● EXERCISE DIRECTIONS:
Out of the material that follows, write out exactly the lines from the line with "finally show ?thesis by (simp" to the line with "orthonormal_basis_expansion[OF assms, of", both ends included, and no others.

● SUPPLIED MATERIAL:
--- START ---

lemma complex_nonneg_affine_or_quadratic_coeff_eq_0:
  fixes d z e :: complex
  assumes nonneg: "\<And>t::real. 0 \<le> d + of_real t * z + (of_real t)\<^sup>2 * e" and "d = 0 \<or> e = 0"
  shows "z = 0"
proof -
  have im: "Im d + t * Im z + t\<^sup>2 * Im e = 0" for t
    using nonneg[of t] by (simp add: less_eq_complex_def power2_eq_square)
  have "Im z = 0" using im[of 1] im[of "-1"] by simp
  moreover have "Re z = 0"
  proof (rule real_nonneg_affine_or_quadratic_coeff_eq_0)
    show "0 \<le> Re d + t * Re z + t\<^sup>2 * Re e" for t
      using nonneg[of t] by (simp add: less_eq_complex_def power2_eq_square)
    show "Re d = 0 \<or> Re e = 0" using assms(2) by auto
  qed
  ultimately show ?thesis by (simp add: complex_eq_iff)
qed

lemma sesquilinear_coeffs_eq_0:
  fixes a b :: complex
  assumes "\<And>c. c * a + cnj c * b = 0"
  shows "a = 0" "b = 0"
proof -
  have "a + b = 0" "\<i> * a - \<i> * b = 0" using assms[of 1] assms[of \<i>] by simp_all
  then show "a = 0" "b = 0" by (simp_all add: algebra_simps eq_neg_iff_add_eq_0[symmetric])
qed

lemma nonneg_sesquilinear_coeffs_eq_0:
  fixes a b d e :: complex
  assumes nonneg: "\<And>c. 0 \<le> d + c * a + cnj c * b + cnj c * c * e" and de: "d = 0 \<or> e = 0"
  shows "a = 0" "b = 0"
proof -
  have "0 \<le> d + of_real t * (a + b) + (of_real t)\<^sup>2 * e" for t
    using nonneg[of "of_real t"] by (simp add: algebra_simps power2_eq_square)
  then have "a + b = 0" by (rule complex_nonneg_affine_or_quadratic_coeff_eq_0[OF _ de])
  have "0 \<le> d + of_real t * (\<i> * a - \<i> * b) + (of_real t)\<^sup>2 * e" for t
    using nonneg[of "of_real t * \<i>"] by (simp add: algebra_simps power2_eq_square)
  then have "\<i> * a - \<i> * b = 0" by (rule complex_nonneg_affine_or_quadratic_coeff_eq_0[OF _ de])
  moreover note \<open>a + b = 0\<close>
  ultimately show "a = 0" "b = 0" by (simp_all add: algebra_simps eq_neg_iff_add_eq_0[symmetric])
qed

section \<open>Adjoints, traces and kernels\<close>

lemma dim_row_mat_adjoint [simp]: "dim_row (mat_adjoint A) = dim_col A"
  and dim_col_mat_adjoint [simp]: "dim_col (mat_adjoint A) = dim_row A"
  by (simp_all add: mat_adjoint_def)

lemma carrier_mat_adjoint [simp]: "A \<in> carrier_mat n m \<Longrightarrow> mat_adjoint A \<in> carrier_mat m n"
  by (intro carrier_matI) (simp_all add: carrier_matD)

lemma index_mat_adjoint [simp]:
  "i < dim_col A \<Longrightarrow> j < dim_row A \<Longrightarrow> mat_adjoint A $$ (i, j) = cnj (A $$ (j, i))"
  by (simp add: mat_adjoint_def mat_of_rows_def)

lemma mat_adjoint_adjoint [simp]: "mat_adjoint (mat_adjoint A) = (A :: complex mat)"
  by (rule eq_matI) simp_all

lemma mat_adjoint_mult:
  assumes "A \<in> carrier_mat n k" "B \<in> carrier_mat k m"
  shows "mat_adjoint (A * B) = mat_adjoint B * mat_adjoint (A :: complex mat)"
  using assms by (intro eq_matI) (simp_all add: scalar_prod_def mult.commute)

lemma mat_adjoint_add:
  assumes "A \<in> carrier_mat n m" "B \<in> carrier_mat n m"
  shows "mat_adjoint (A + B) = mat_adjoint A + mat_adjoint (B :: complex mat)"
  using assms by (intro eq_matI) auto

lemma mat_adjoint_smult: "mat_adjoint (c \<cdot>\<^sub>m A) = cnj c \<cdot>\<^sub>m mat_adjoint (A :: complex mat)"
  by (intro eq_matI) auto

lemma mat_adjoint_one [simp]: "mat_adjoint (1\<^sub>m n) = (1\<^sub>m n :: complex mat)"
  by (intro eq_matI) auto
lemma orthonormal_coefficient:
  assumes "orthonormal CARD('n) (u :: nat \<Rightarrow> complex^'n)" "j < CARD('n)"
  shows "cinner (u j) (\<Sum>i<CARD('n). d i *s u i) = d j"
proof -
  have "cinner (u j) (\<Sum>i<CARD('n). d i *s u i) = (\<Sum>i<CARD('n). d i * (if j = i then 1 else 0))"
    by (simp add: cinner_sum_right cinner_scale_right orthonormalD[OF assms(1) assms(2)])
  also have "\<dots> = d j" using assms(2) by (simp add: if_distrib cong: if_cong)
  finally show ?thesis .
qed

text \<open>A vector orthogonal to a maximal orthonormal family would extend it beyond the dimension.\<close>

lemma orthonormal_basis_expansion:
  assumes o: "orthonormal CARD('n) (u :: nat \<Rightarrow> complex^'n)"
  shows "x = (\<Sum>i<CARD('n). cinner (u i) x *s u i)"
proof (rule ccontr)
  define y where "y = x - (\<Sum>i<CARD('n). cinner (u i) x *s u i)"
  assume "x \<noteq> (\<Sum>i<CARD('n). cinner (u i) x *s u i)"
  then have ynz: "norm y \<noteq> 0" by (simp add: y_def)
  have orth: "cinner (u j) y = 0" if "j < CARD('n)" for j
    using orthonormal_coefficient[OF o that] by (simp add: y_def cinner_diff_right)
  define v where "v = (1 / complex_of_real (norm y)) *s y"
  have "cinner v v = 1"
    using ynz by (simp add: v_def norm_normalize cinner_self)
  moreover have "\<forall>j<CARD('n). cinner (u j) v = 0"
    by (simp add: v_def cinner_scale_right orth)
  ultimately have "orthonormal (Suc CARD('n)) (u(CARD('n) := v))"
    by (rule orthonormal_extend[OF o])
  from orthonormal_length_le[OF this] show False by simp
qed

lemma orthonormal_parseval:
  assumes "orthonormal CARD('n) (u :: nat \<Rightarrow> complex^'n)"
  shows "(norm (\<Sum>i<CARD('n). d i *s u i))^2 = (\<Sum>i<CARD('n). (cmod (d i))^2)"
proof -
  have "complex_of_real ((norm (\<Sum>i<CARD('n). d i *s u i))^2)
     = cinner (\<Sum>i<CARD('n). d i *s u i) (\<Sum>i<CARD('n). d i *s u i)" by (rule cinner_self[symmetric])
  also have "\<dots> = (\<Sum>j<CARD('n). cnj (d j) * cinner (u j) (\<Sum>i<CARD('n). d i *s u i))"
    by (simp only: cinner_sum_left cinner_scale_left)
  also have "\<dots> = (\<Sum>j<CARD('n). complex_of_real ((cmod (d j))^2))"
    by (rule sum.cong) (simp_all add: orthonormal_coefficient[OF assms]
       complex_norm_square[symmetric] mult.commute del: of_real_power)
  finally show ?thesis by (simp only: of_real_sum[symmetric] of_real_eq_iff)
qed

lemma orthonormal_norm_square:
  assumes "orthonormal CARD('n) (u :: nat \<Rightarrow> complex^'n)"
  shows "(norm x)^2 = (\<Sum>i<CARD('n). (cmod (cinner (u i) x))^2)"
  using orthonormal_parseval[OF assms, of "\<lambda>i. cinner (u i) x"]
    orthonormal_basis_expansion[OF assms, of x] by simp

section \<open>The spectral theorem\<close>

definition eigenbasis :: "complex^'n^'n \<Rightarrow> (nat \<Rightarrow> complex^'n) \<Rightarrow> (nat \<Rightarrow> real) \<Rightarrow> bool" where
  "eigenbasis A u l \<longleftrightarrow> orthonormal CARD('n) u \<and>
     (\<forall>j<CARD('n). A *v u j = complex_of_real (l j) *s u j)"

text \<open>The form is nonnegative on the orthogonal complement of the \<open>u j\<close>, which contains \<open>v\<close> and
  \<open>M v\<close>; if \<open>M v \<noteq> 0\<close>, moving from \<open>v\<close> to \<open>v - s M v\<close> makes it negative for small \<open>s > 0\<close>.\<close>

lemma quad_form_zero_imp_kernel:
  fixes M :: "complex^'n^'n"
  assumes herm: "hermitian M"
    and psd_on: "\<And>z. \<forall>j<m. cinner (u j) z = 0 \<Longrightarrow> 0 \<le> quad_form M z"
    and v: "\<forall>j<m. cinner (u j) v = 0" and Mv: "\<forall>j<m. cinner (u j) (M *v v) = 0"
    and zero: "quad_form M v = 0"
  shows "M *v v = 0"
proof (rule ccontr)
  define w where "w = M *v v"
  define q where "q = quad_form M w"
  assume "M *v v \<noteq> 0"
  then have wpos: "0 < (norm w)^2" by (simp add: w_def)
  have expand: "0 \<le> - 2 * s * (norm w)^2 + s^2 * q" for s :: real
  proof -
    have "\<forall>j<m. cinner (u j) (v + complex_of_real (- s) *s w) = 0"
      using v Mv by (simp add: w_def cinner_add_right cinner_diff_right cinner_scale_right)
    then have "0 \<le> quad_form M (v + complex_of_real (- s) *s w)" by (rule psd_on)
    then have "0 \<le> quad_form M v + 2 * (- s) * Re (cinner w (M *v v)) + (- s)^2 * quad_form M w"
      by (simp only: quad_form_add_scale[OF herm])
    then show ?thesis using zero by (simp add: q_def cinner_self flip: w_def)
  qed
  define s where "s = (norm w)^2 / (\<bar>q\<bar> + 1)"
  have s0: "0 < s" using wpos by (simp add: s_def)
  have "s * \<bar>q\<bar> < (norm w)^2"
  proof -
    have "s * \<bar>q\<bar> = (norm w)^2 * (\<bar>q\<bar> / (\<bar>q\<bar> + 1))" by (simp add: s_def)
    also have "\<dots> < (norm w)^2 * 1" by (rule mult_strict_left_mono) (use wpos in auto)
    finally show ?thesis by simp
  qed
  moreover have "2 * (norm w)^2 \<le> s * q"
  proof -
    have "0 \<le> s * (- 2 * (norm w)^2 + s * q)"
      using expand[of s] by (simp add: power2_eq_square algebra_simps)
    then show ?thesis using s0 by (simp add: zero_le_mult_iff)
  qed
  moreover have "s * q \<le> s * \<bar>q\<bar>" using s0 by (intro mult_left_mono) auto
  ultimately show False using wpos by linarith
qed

--- END ---

● RESPONSE TO THE TASK:
  finally show ?thesis by (simp only: of_real_sum[symmetric] of_real_eq_iff)
qed

lemma orthonormal_norm_square:
  assumes "orthonormal CARD('n) (u :: nat \<Rightarrow> complex^'n)"
  shows "(norm x)^2 = (\<Sum>i<CARD('n). (cmod (cinner (u i) x))^2)"
  using orthonormal_parseval[OF assms, of "\<lambda>i. cinner (u i) x"]
    orthonormal_basis_expansion[OF assms, of x] by simp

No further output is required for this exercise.